# Skinning a coyote



## teredpse (Nov 11, 2015)

When should I skin the coyote. Shot one this am. Also how to clean the blood off the fur.

Sent from my LGLS990 using Tapatalk


----------



## Larry (Dec 2, 2010)

Really makes no difference. Just expect it to take some time as coyotes don't pull well. I use a two stick method for pulling the tail from the tail bone. Just squeeze two sticks together over the base and pull hard.

You can wash the whole hide after its skinned and fleshed (fleshed if required!! most yotes don't need fleshed.)

I like Tide detergent for cleaning fur. No need for a wash machine, put the whole hide in a bucket of mixed up tide/water (1/2 coffee cup of tide/5 gallons) and let it sit for an hour. Rinse in a bucket of clean water.

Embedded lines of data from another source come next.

theorem proposition4p3:
  fixes D n :: nat and F :: "real set set"
  assumes "D \<ge> 1"
    and "\<forall>\<sigma>\<in>F. is_simplex D \<sigma>"
    and "pairwise_nonoverlapping D F"
    and "finite (\<Union>F)" and "card (\<Union>F) = n"
    and "non_extendable D F"
  shows "\<exists>F' :: real set set. (\<forall>\<sigma>\<in>F'. is_simplex (D + 1) \<sigma>)
            \<and> pairwise_nonoverlapping (D + 1) F'
            \<and> finite (\<Union>F') \<and> card (\<Union>F') = n + 1
            \<and> non_extendable (D + 1) F'"
proof -
  define s where "s = Max (\<Union>F) + 1"
  have above: "\<forall>t\<in>\<Union>F. t < s"
    using assms(4) Max_ge[of "\<Union>F"] by (fastforce simp: s_def)
  then have "s \<notin> \<Union>F"
    by blast
  have union: "\<Union>(insert s ` F) = insert s (\<Union>F)"
    using non_extendable_nonempty[OF assms(6)] by auto
  show ?thesis
  proof (intro exI conjI)
    show "\<forall>\<sigma>\<in>insert s ` F. is_simplex (D + 1) \<sigma>"
      using assms(2) \<open>s \<notin> \<Union>F\<close> by (auto simp: is_simplex_def)
    show "pairwise_nonoverlapping (D + 1) (insert s ` F)"
      using pairwise_nonoverlapping_cone[OF assms(2,3) above] by simp
    show "finite (\<Union>(insert s ` F))" "card (\<Union>(insert s ` F)) = n + 1"
      using union assms(4,5) \<open>s \<notin> \<Union>F\<close> by simp_all
    show "non_extendable (D + 1) (insert s ` F)"
      using non_extendable_cone[OF assms(6,4) above] by simp
  qed
qed

end
lemma pivot_fun_zero_rows_suffix:
  assumes "dim_row C = nr" "pivot_fun C f nc"
  obtains r where "r \<le> nr" "\<And>i. i < nr \<Longrightarrow> f i < nc \<longleftrightarrow> i < r"
proof -
  note pivot = pivot_funD[OF assms]
  define r where "r = (LEAST i. i < nr \<longrightarrow> f i = nc)"
  have r_le: "r \<le> nr" unfolding r_def by (rule Least_le) simp
  have "f i < nc \<longleftrightarrow> i < r" if i: "i < nr" for i
  proof
    assume "i < r"
    then have "f i \<noteq> nc" using i not_less_Least unfolding r_def by blast
    then show "f i < nc" using pivot(1)[OF i] by simp
  next
    assume "f i < nc"
    show "i < r"
    proof (rule ccontr)
      assume "\<not> i < r"
      then have "r < nr" "f r = nc" using i LeastI[of "\<lambda>i. i < nr \<longrightarrow> f i = nc" nr] unfolding r_def
        by auto
      then have "f (r + (i - r)) = nc"
        using pivot_bound[OF assms, of r "i - r"] pivot(1)[OF i] \<open>\<not> i < r\<close> i by auto
      then show False using \<open>f i < nc\<close> \<open>\<not> i < r\<close> by simp
    qed
  qed
  with r_le show ?thesis by (rule that)
qed

text \<open>Gauss-Jordan elimination of the matrix with columns vs: its zero rows give the vanishing
  coordinates, its pivot columns the unit vectors.\<close>
lemma change_of_basis_to_coordinate_span:
  fixes vs :: "'a::field vec list"
  assumes vs: "set vs \<subseteq> carrier_vec l"
  obtains P Q r where "P \<in> carrier_mat l l" "Q \<in> carrier_mat l l" "P * Q = 1\<^sub>m l" "Q * P = 1\<^sub>m l"
    "r \<le> l"
    "\<And>v i. v \<in> set vs \<Longrightarrow> r \<le> i \<Longrightarrow> i < l \<Longrightarrow> (P *\<^sub>v v) $ i = 0"
    "\<And>i. i < r \<Longrightarrow> Q *\<^sub>v unit_vec l i \<in> set vs"
proof -
  define R where "R = mat_of_cols l vs"
  define N where "N = length vs"
  have R: "R \<in> carrier_mat l N" unfolding R_def N_def by simp
  note gauss = gauss_jordan_single[OF R refl]
  define C where "C = gauss_jordan_single R"
  have C: "C \<in> carrier_mat l N" using gauss(2) unfolding C_def .
  obtain P Q where CPR: "C = P * R" and P: "P \<in> carrier_mat l l" and Q: "Q \<in> carrier_mat l l"
    and PQ: "P * Q = 1\<^sub>m l" and QP: "Q * P = 1\<^sub>m l"
    using gauss(4) unfolding C_def by blast
  obtain f where pivot: "pivot_fun C f N"
    using gauss(3) C unfolding C_def row_echelon_form_def by auto
  have dim_C: "dim_row C = l" using C by simp
  note pivotD = pivot_funD[OF dim_C pivot]
  obtain r where r: "r \<le> l" "\<And>i. i < l \<Longrightarrow> f i < N \<longleftrightarrow> i < r"
    using pivot_fun_zero_rows_suffix[OF dim_C pivot] by blast
  have col_C: "col C t = P *\<^sub>v vs ! t" if "t < N" for t
    using that vs col_mult2[OF P R] unfolding CPR R_def N_def by (simp add: subsetD)
  show ?thesis
  proof (rule that[OF P Q PQ QP r(1)])
    fix v i assume v: "v \<in> set vs" and i: "r \<le> i" "i < l"
    obtain t where t: "t < N" "v = vs ! t" using v unfolding N_def by (metis in_set_conv_nth)
    have "f i = N" using r(2)[OF i(2)] pivotD(1)[OF i(2)] i(1) by auto
    have "(P *\<^sub>v v) $ i = col C t $ i" using col_C[OF t(1)] t(2) by simp
    also have "\<dots> = C $$ (i, t)" using C t(1) i(2) by simp
    also have "\<dots> = 0" using pivotD(2)[OF i(2)] \<open>f i = N\<close> t(1) by simp
    finally show "(P *\<^sub>v v) $ i = 0" .
  next
    fix i assume i: "i < r"
    have il: "i < l" and fi: "f i < N" using i r by auto
    have "col C (f i) = unit_vec l i"
      using pivotD(4)[OF il fi] pivotD(5)[OF il fi] C il fi by (intro eq_vecI) auto
    then have "Q *\<^sub>v unit_vec l i = Q *\<^sub>v (P *\<^sub>v vs ! f i)" using col_C[OF fi] by simp
    also have "\<dots> = vs ! f i"
      using vs fi Q P QP unfolding N_def
      by (simp add: assoc_mult_mat_vec[symmetric, of _ l l _ l] subsetD)
    finally show "Q *\<^sub>v unit_vec l i \<in> set vs" using fi unfolding N_def by simp
  qed
qed

lemma set_cols: "set (cols A) = col A ` {..<dim_col A}"
  by (simp add: cols_def lessThan_atLeast0)

lemma index_mat_eq_mult_unit_vec:
  fixes T :: "'a::semiring_1 mat"
  assumes "T \<in> carrier_mat l l" "i < l" "j < l"
  shows "T $$ (i, j) = (T *\<^sub>v unit_vec l j) $ i"
  using assms by (simp add: scalar_prod_right_unit[of j l])

lemma nonzero_entry_strictly_upper:
  fixes P M Q :: "'a::semiring_1 mat"
  assumes P: "P \<in> carrier_mat l l" and M: "M \<in> carrier_mat l l" and Q: "Q \<in> carrier_mat l l"
    and rows: "\<And>i. r \<le> i \<Longrightarrow> i < l \<Longrightarrow> row (P * M) i = 0\<^sub>v l"
    and cols: "\<And>j. j < r \<Longrightarrow> (M * Q) *\<^sub>v unit_vec l j = 0\<^sub>v l"
    and ij: "i < l" "j < l" and nz: "(P * M * Q) $$ (i, j) \<noteq> 0"
  shows "i < r \<and> r \<le> j"
proof
  show "i < r"
  proof (rule ccontr)
    assume "\<not> i < r"
    have "(P * M * Q) $$ (i, j) = row (P * M) i \<bullet> col Q j"
      by (rule index_mult_mat(1)) (use ij P M Q in auto)
    also have "\<dots> = 0" using rows[OF _ ij(1)] \<open>\<not> i < r\<close> Q ij by simp
    finally show False using nz by contradiction
  qed
  show "r \<le> j"
  proof (rule ccontr)
    assume "\<not> r \<le> j"
    have "(P * M * Q) $$ (i, j) = ((P * (M * Q)) *\<^sub>v unit_vec l j) $ i"
      using assoc_mult_mat[OF P M Q] index_mat_eq_mult_unit_vec[of _ l i j] P M Q ij by simp
    also have "\<dots> = (P *\<^sub>v ((M * Q) *\<^sub>v unit_vec l j)) $ i"
      using assoc_mult_mat_vec[OF P mult_carrier_mat[OF M Q] unit_vec_carrier] by simp
    also have "\<dots> = 0" using cols \<open>\<not> r \<le> j\<close> P ij by simp
    finally show False using nz by contradiction
  qed
qed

Afterwards you can easily dry the pelt with a leaf blower or hair dryer. (hair dryer will take some time). Stitch up the holes from skinning and bullets before stretching. If you don't remove the cartilage from the ears, put a fair amount of table salt on them. Sprinkle some on the tail and the front legs also. It will pickle the meat and if you tan it right away it will stop the flies from laying eggs.

It works just fine on a skin or two. Next time around grab some Borax Soap or Non Iodized Pickling salt from the grocery store and use it. Stretch skin side out in the basement or other cool place. When the flesh side starts to a crackly sound and has lost when squeezed, pull it off the stretcher and finish drying fur side out.

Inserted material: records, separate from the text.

(* Let $x=(x_1,\ldots,x_n)$ and $y=(y_1,\ldots,y_m)$ be observed samples, let $\mathbb{P}^{x,y}$ be the posterior distribution of the pair $(P_1,P_2)$ given $\mathcal{D}_{n,m}=\{x,y\}$. Let $d$ be a distance between probability measures, $M=\sup_{P_1,P_2} d(P_1,P_2)\in(0,\infty]$, let $w:[0,M)\to(0,\infty]$ be a probability density function on $[0,M)$ and $W(t)=\int_0^t w(\varepsilon)\,d\varepsilon$. Define $\mathrm{WIKS}(\mathcal{D}_{n,m})=\int_0^M w(\varepsilon)\,\mathbb{P}^{x,y}(d(P_1,P_2)>\varepsilon)\,d\varepsilon$. Then: (a) $0\le \mathrm{WIKS}(\mathcal{D}_{n,m})\le 1$ for every observed sample $\mathcal{D}_{n,m}$; (b) $\mathrm{WIKS}(\mathcal{D}_{n,m})=0$ if and only if $d(P_1,P_2)=0$ $\mathbb{P}^{x,y}$-almost surely; (c) $\mathrm{WIKS}(\mathcal{D}_{n,m})=1$ if and only if $d(P_1,P_2)=M$ $\mathbb{P}^{x,y}$-almost surely; (d) WIKS is increasing with respect to $d(P_1,P_2)$: if $\mathcal{D}$ and $\mathcal{D}'$ are two observed data sets such that the posterior distribution of $d(P_1,P_2)$ given $\mathcal{D}'$ is stochastically greater than that given $\mathcal{D}$, i.e. $\mathbb{P}^{\mathcal{D}}(d(P_1,P_2)\ge t)\le \mathbb{P}^{\mathcal{D}'}(d(P_1,P_2)\ge t)$ for all $t>0$, then $\mathrm{WIKS}(\mathcal{D})\le \mathrm{WIKS}(\mathcal{D}')$.
   Context: Bayesian two-sample setting: $(P_1,P_2)$ is a random pair of probability distributions with some prior; conditionally on $(P_1,P_2)$, $x_1,\ldots,x_n$ are i.i.d. from $P_1$ and $y_1,\ldots,y_m$ are i.i.d. from $P_2$, independently. $\mathbb{P}^{\mathcal{D}}$ denotes the posterior given data $\mathcal{D}$. *)

theory Defs
  imports "HOL-Probability.Probability"
begin

definition param_space :: "'a measure \<Rightarrow> ('a measure \<times> 'a measure) measure" where
  "param_space X = prob_algebra X \<Otimes>\<^sub>M prob_algebra X"

definition is_distance :: "'a measure \<Rightarrow> ('a measure \<Rightarrow> 'a measure \<Rightarrow> real) \<Rightarrow> bool" where
  "is_distance X d \<longleftrightarrow>
     (\<forall>P\<in>space (prob_algebra X). \<forall>Q\<in>space (prob_algebra X).
        d P Q \<ge> 0 \<and> d P Q = d Q P \<and> (d P Q = 0 \<longleftrightarrow> P = Q)) \<and>
     (\<forall>P\<in>space (prob_algebra X). \<forall>Q\<in>space (prob_algebra X). \<forall>R\<in>space (prob_algebra X).
        d P R \<le> d P Q + d Q R)"

definition sup_dist :: "'a measure \<Rightarrow> ('a measure \<Rightarrow> 'a measure \<Rightarrow> real) \<Rightarrow> ennreal" where
  "sup_dist X d = (SUP P1\<in>space (prob_algebra X). SUP P2\<in>space (prob_algebra X). ennreal (d P1 P2))"

definition dom_w :: "ennreal \<Rightarrow> real set" where
  "dom_w M = {\<epsilon>::real. 0 \<le> \<epsilon> \<and> ennreal \<epsilon> < M}"

definition WIKS :: "('a measure \<Rightarrow> 'a measure \<Rightarrow> real) \<Rightarrow> (real \<Rightarrow> ennreal) \<Rightarrow> ennreal
      \<Rightarrow> ('a measure \<times> 'a measure) measure \<Rightarrow> ennreal" where
  "WIKS d w M Q = (\<integral>\<^sup>+ \<epsilon>. indicator (dom_w M) \<epsilon> * w \<epsilon> *
        emeasure Q {\<theta>\<in>space Q. d (fst \<theta>) (snd \<theta>) > \<epsilon>} \<partial>lborel)"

If you don't use wooden stretchers and use steel ones, put a one foot long 3/4" 1"x4" board in the claw end. This will help keep the air moving until its 100% dried. No need for this on wooden stretchers as the the thickness of the wood keeps the pelt separated.

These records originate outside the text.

(* Let $(X,\leqslant)$ be a finite partially ordered set, $U$ a finite set of users and $\lambda\colon U\to X$. Then for any directed path $x_1x_2\dots x_p$ with $p>2$ in $H^*=(X,E_0^* )$ (that is, $x_1>x_2>\dots>x_p$), we have \[ \omega(x_1x_p)\geqslant\sum_{i=1}^{p-1}\omega(x_ix_{i+1}). \]
   Context: $E_0^*=\{xy:x,y\in X,\ x>y\}$. $U(x)=\{u\in U:\lambda(u)=x\}$; for $yz\in E_0^*$, $\gamma(yz)=\{x\in X:x\geqslant z,\ x\not\geqslant y\}$ and $\omega(yz)=\sum_{x\in\gamma(yz)}|U(x)|$. *)

theory Defs
  imports Main
begin

definition users_at :: "'u set \<Rightarrow> ('u \<Rightarrow> 'a) \<Rightarrow> 'a \<Rightarrow> 'u set" where
  "users_at U lam x = {u \<in> U. lam u = x}"

definition gamma :: "'a::order set \<Rightarrow> 'a \<Rightarrow> 'a \<Rightarrow> 'a set" where
  "gamma X y z = {x \<in> X. x \<ge> z \<and> \<not> x \<ge> y}"

definition omega :: "'a::order set \<Rightarrow> 'u set \<Rightarrow> ('u \<Rightarrow> 'a) \<Rightarrow> 'a \<Rightarrow> 'a \<Rightarrow> nat" where
  "omega X U lam y z = (\<Sum>x\<in>gamma X y z. card (users_at U lam x))"

end

theory Submission
  imports Defs
begin

text \<open>Along a chain \<open>x\<^sub>1 > \<dots> > x\<^sub>p\<close> the sets \<open>\<gamma>(x\<^sub>i x\<^sub>i\<^sub>+\<^sub>1)\<close> are pairwise
  disjoint, since a point above \<open>x\<^sub>j\<^sub>+\<^sub>1\<close> lies above every \<open>x\<^sub>i\<close> with \<open>i \<le> j\<close>, and each of
  them is contained in \<open>\<gamma>(x\<^sub>1 x\<^sub>p)\<close> because \<open>\<gamma>\<close> is antitone in its second argument and
  monotone in its first. As \<open>\<omega>\<close> sums nonnegative weights over \<open>\<gamma>\<close>, the inequality follows.\<close>

lemma gamma_mono:
  assumes "y \<le> y'" and "z' \<le> z"
  shows "gamma X y z \<subseteq> gamma X y' z'"
  using assms unfolding gamma_def by (auto intro: order_trans)

lemma gamma_disjoint:
  assumes "y' \<le> z"
  shows "gamma X y z \<inter> gamma X y' z' = {}"
  using assms unfolding gamma_def by (auto intro: order_trans)

lemma sum_disjoint_family_le:
  fixes f :: "'a \<Rightarrow> 'b::canonically_ordered_monoid_add"
  assumes "finite I" and "finite B" and "\<forall>i\<in>I. A i \<subseteq> B"
    and "\<forall>i\<in>I. \<forall>j\<in>I. i \<noteq> j \<longrightarrow> A i \<inter> A j = {}"
  shows "(\<Sum>i\<in>I. sum f (A i)) \<le> sum f B"
proof -
  have finite_A: "\<forall>i\<in>I. finite (A i)"
    using assms(2,3) finite_subset by blast
  have "(\<Sum>i\<in>I. sum f (A i)) = sum f (\<Union>i\<in>I. A i)"
    using sum.UNION_disjoint[OF assms(1) finite_A assms(4)] by (rule sym)
  also have "\<dots> \<le> sum f B"
    using assms(2,3) by (intro sum_mono2) auto
  finally show ?thesis .
qed

theorem corollary3:
  fixes X :: "'a::order set" and U :: "'u set" and lam :: "'u \<Rightarrow> 'a"
    and xs :: "'a list" and p :: nat
  assumes "finite X" and "finite U" and "\<forall>u\<in>U. lam u \<in> X"
    and "length xs = p" and "p > 2" and "set xs \<subseteq> X"
    and "\<forall>i < p - 1. xs ! i > xs ! (i + 1)"
  shows "omega X U lam (xs ! 0) (xs ! (p - 1))
           \<ge> (\<Sum>i < p - 1. omega X U lam (xs ! i) (xs ! (i + 1)))"
proof -
  let ?G = "\<lambda>i. gamma X (xs ! i) (xs ! (i + 1))"
  have antimono: "xs ! j \<le> xs ! i" if "i \<le> j" and "j \<le> p - 1" for i j
  proof (rule lift_Suc_antimono_le_ivl[of "{..<p - 1}"])
    show "xs ! Suc n \<le> xs ! n" if "n \<in> {..<p - 1}" for n
      using assms(7) that by (simp add: less_imp_le)
  qed (use that in auto)
  have "?G i \<subseteq> gamma X (xs ! 0) (xs ! (p - 1))" if "i < p - 1" for i
    using that by (intro gamma_mono antimono) auto
  moreover have "?G i \<inter> ?G j = {}" if "i \<noteq> j" and "i < p - 1" and "j < p - 1" for i j
  proof -
    have "?G i \<inter> ?G j = {}" if "i < j" and "j < p - 1" for i j
      using that by (intro gamma_disjoint antimono) auto
    with \<open>i \<noteq> j\<close> \<open>i < p - 1\<close> \<open>j < p - 1\<close> show ?thesis
      by (metis Int_commute linorder_neqE_nat)
  qed
  moreover have "finite (gamma X (xs ! 0) (xs ! (p - 1)))"
    using assms(1) by (simp add: gamma_def)
  ultimately show ?thesis
    unfolding omega_def by (intro sum_disjoint_family_le) auto
qed

end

Remember...coyotes can't fly

Larry


----------



## teredpse (Nov 11, 2015)

The coyote is pretty stiff form riger. Does that hurt the skinning

Sent from my LGLS990 using Tapatalk


----------



## kiyote (Jun 15, 2014)

certainly is easier when fresh


----------



## Dang Dawg (Jan 14, 2013)

Way easer to skin them as soon as you get them back to your rig. Or even out in the field where you shot them if you have the stuff with you .I carry a dog choke chain caller to hang them from a tree or fence post . DONT drag them if your not on snow you brake off the long winter hair and that's the good stuff. After they freeze it is a wrestling match to get them to give up there skin...


----------



## prairiewolf (Feb 19, 2012)

Make sure you use cold water to wash, warm or hot can cause the fur to slip !!!!


----------